For $n$ even, antipodal map of $S^n$ is homotopic to reflection and has degree $-1$?

Question

How do I see that for $n$ even, the antipodal map of $S^n$ is homotopic to the reflection$$r(x_1, \dots, x_{n+1}) = (-x_1, x_2, \dots, x_{n+1}),$$and therefore has degree $-1$? Thanks for your time.

Progress. I think we want to create a continuous transformation from$$ \begin{pmatrix} -1 & 0 & \ldots & 0 \\ 0 & -1 & \ldots & 0 \\ \vdots & \vdots & \ddots & \vdots \\ 0 & 0 & \ldots & -1 \end{pmatrix}$$to$$ \begin{pmatrix} -1 & 0 & \ldots & 0 \\ 0 & 1 & \ldots & 0 \\ \vdots & \vdots & \ddots & \vdots \\ 0 & 0 & \ldots & 1 \end{pmatrix}?$$

Answer 1

We claim for any sphere $S^n$, there is a homotopy between the identity and the double reflection$$(x_0, x_1, x_2, \dots, x_n) \mapsto (-x_0, -x_1, x_2, \dots, x_n).$$To see this, define$$\ell: S^n \to \mathbb{R},\text{ }r(x_0, \dots, x_n) = \sqrt{x_0^2 + x_1^2},$$and$$\theta:S^n \to [0, 2\pi),\text{ }\theta(x_0, \dots, x_n) = \text{Arg}(x_0 + ix_1).$$Since$$(x_0, x_1) = (\ell(x)\cos(\theta(x)), \ell(x)\sin(\theta(x))),$$we have the homotopy$$H: S^n \times [0, \pi] \to S^n,\text{ }H(x, t) = (\ell(x)\cos(\theta(x) + t),\ell(x)\sin(\theta(x) + t),x_2, \dots, x_n)$$taking$$H(x, 0) = (x_0, x_1, x_2, \dots, x_n) \text{ to }H(x, \pi) = (-x_0, -x_1, x_2, \dots, x_n).$$In fact, there is nothing special about the indices $0$ and $1$, as this argument shows there is a homotopy between the identity and any double reflection. In particular, if $n$ is even, we have a homotopy between the identity and$$(x_0, x_1, \dots, x_n) \mapsto (x_0, -x_1, \dots, -x_n).$$Composing this homotopy with the antipodal map gives the desired homotopy between the antipodal map and the single reflection $r$.

Answer 2

We start by showing the map $x=(x_1,x_2,\ldots ,x_n)\mapsto (-x_1,-x_2,\ldots, x_n)$ where we flip the sign on the first two coordinates is homotopic to the identity. Suppose $x_1^2+x_2^2=r(x)^2$ for some $0\leq r(x)\leq 1$. Say $(x_1,x_2)=(r(x)\cos \theta(x),r\sin\theta(x))$.Note that $r(x)$ and $\theta(x)$ are continuous functions of $x$, provided you think of $\theta(x)$ as an element of the circle so $\theta=\theta+2n\pi$. Consider the homotopy $$(x_1,x_2,\ldots ,x_n)\mapsto (r\cos (\theta+t\pi),r\sin(\theta+t\pi),x_3,\ldots,x_n).$$ This is a rotation of the entire sphere which fixes the last $n-2$ coordinates and reverses the sign of the first two coordinates.

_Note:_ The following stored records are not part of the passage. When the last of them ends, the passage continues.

definition increasing_sequences_stabilize :: "'a rel \<Rightarrow> 'b rel \<Rightarrow> 'a set set \<Rightarrow> bool" where
  "increasing_sequences_stabilize k \<theta> I \<longleftrightarrow> (\<forall>B :: 'b \<Rightarrow> 'a set.
     (\<forall>i\<in>Field \<theta>. B i \<subseteq> Field k) \<and>
     (\<forall>i\<in>Field \<theta>. \<forall>j\<in>Field \<theta>. (i, j) \<in> \<theta> \<longrightarrow> B i \<subseteq> B j) \<longrightarrow>
     (\<exists>i0\<in>Field \<theta>. \<forall>i\<in>Field \<theta>. (i0, i) \<in> \<theta> \<longrightarrow> eq_mod I (B i) (\<Union>j\<in>Field \<theta>. B j)))"

definition positive_limsup_nonempty :: "'a rel \<Rightarrow> 'b rel \<Rightarrow> 'a set set \<Rightarrow> bool" where
  "positive_limsup_nonempty k \<theta> I \<longleftrightarrow> (\<forall>A :: 'b \<Rightarrow> 'a set.
     (\<forall>i\<in>Field \<theta>. A i \<subseteq> Field k \<and> A i \<notin> I) \<longrightarrow>
     (\<Inter>i\<in>Field \<theta>. \<Union>j\<in>{j \<in> Field \<theta>. (i, j) \<in> \<theta>}. A j) \<noteq> {})"

definition increasing_functions_stabilize :: "'a rel \<Rightarrow> 'b rel \<Rightarrow> 'a set set \<Rightarrow> bool" where
  "increasing_functions_stabilize k \<theta> I \<longleftrightarrow> (\<forall>r :: 'a rel. Well_order r \<longrightarrow>
     (\<forall>(S :: 'a \<Rightarrow> 'a set) (h :: 'b \<Rightarrow> 'a \<Rightarrow> 'a).
       (\<forall>\<alpha>\<in>Field k. S \<alpha> \<subseteq> Field r \<and> |S \<alpha>| <o \<theta>) \<and>
       (\<forall>i\<in>Field \<theta>. \<forall>\<alpha>\<in>Field k. h i \<alpha> \<in> S \<alpha>) \<and>
       (\<forall>i\<in>Field \<theta>. \<forall>j\<in>Field \<theta>. (i, j) \<in> \<theta> \<longrightarrow> (\<forall>\<alpha>\<in>Field k. (h i \<alpha>, h j \<alpha>) \<in> r)) \<longrightarrow>
       (\<exists>i0\<in>Field \<theta>. \<forall>i\<in>Field \<theta>. (i0, i) \<in> \<theta> \<longrightarrow> {\<alpha> \<in> Field k. h i \<alpha> \<noteq> h i0 \<alpha>} \<in> I)))"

Now you can perform a similar homotopy to reverse the sign of any pair of coordinates, which is all you need to complete the proof.

Answer 3

Note that $\rho = \rho_0 \cdots \rho_n$, where $\rho_i(x_0, \dots, x_n) = (x_0, \dots, x_{i-1}, -x_i, x_{i+1}, \dots, x_n)$. Since $\rho_i$ is conjugate to $\rho_j$ via a homeomorphism $g\in SO(n)$, we have $\deg \rho = (\deg \rho_0) \cdots (\deg \rho_n) = (\deg \rho_0)^{n+1}$. But $(\deg \rho_0)^2 = (\deg \rho_0^2) = 1$, so $\deg \rho = \deg \rho_0$ by the fact that $n$ is even.